• [Your objective] Return exactly the lines of the entries, from the one with "using t by (smt" to the last.

====== Data under study ======

text \<open>Coarse-graining: merging the outcomes in A and in its complement cannot increase
  the symmetrised divergence (a data-processing inequality obtained from log_sum_ineq).\<close>
lemma jeffreys_coarse_grain:
  fixes P Q :: "'a \<Rightarrow> real"
  assumes fin: "finite U" and A: "A \<subseteq> U"
    and P0: "\<forall>u\<in>U. P u > 0" and Q0: "\<forall>u\<in>U. Q u > 0"
    and P1: "(\<Sum>u\<in>U. P u) = 1" and Q1: "(\<Sum>u\<in>U. Q u) = 1"
    and p: "p = (\<Sum>u\<in>A. P u)" and q: "q = (\<Sum>u\<in>A. Q u)"
  shows "p * ln (p/q) + q * ln (q/p) + (1-p) * ln ((1-p)/(1-q)) + (1-q) * ln ((1-q)/(1-p))
           \<le> 2 * jeffreys U P Q"
proof -
  define B where "B = U - A"
  have fins: "finite A" "finite B" using fin A finite_subset by (auto simp: B_def)
  have split: "(\<Sum>u\<in>U. f u) = (\<Sum>u\<in>A. f u) + (\<Sum>u\<in>B. f u)" for f :: "'a \<Rightarrow> real"
    using fin A by (simp add: B_def sum.subset_diff)
  have pB: "(\<Sum>u\<in>B. P u) = 1 - p" and qB: "(\<Sum>u\<in>B. Q u) = 1 - q"
    using split[of P] split[of Q] P1 Q1 p q by auto
  have pos: "\<forall>u\<in>A. P u > 0" "\<forall>u\<in>A. Q u > 0" "\<forall>u\<in>B. P u > 0" "\<forall>u\<in>B. Q u > 0"
    using P0 Q0 A by (auto simp: B_def)
  have "p * ln (p/q) \<le> (\<Sum>u\<in>A. P u * ln (P u / Q u))"
       "q * ln (q/p) \<le> (\<Sum>u\<in>A. Q u * ln (Q u / P u))"
       "(1-p) * ln ((1-p)/(1-q)) \<le> (\<Sum>u\<in>B. P u * ln (P u / Q u))"
       "(1-q) * ln ((1-q)/(1-p)) \<le> (\<Sum>u\<in>B. Q u * ln (Q u / P u))"
    using log_sum_ineq[OF fins(1) pos(1,2)] log_sum_ineq[OF fins(1) pos(2,1)]
      log_sum_ineq[OF fins(2) pos(3,4)] log_sum_ineq[OF fins(2) pos(4,3)] p q pB qB by auto
  then show ?thesis
    using split[of "\<lambda>u. P u * ln (P u / Q u)"] split[of "\<lambda>u. Q u * ln (Q u / P u)"]
    by (simp add: jeffreys_def KL_div_def)
qed

text \<open>The bound for two-point distributions (p, 1-p) and (q, 1-q) with q < p, where
  t = p - q: it reduces to the polynomial identity
  p (1-q) (1-t)^2 - (1+t)^2 q (1-p) = t (1-t-2q)^2.\<close>
lemma binary_jeffreys_bound:
  fixes p q :: real
  assumes "0 < q" "q < p" "p < 1"
  shows "2 * phi (p - q)
     \<le> p * ln (p/q) + q * ln (q/p) + (1-p) * ln ((1-p)/(1-q)) + (1-q) * ln ((1-q)/(1-p))"
proof -
  define t where "t = p - q"
  have t: "0 < t" "t < 1" using assms by (auto simp: t_def)
  have "p * (1-q) * (1-t)^2 - (1+t)^2 * q * (1-p) = t * (1-t-2*q)^2"
    unfolding t_def by (simp add: power2_eq_square algebra_simps)
  then have "(1+t)^2 * q * (1-p) \<le> p * (1-q) * (1-t)^2"
    using t by (smt (verit) mult_nonneg_nonneg zero_le_power2)
  moreover have "0 < (1+t)^2 * q * (1-p)" using t assms by auto
  ultimately have "ln ((1+t)^2 * q * (1-p)) \<le> ln (p * (1-q) * (1-t)^2)" by simp
  then have "2 * ln ((1+t)/(1-t)) \<le> ln p - ln q - ln (1-p) + ln (1-q)"
    using t assms by (simp add: ln_mult ln_realpow ln_div)
  then have "t * (2 * ln ((1+t)/(1-t))) \<le> t * (ln p - ln q - ln (1-p) + ln (1-q))"
    using t by (intro mult_left_mono) auto
  also have "\<dots> = p * ln (p/q) + q * ln (q/p) + (1-p) * ln ((1-p)/(1-q)) + (1-q) * ln ((1-q)/(1-p))"
    using assms by (simp add: t_def ln_div algebra_simps)
  finally show ?thesis by (simp add: phi_def t_def)
qed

======

• [Answer section]
    using t by (smt (verit) mult_nonneg_nonneg zero_le_power2)
  moreover have "0 < (1+t)^2 * q * (1-p)" using t assms by auto
  ultimately have "ln ((1+t)^2 * q * (1-p)) \<le> ln (p * (1-q) * (1-t)^2)" by simp
  then have "2 * ln ((1+t)/(1-t)) \<le> ln p - ln q - ln (1-p) + ln (1-q)"
    using t assms by (simp add: ln_mult ln_realpow ln_div)
  then have "t * (2 * ln ((1+t)/(1-t))) \<le> t * (ln p - ln q - ln (1-p) + ln (1-q))"
    using t by (intro mult_left_mono) auto
  also have "\<dots> = p * ln (p/q) + q * ln (q/p) + (1-p) * ln ((1-p)/(1-q)) + (1-q) * ln ((1-q)/(1-p))"
    using assms by (simp add: t_def ln_div algebra_simps)
  finally show ?thesis by (simp add: phi_def t_def)
qed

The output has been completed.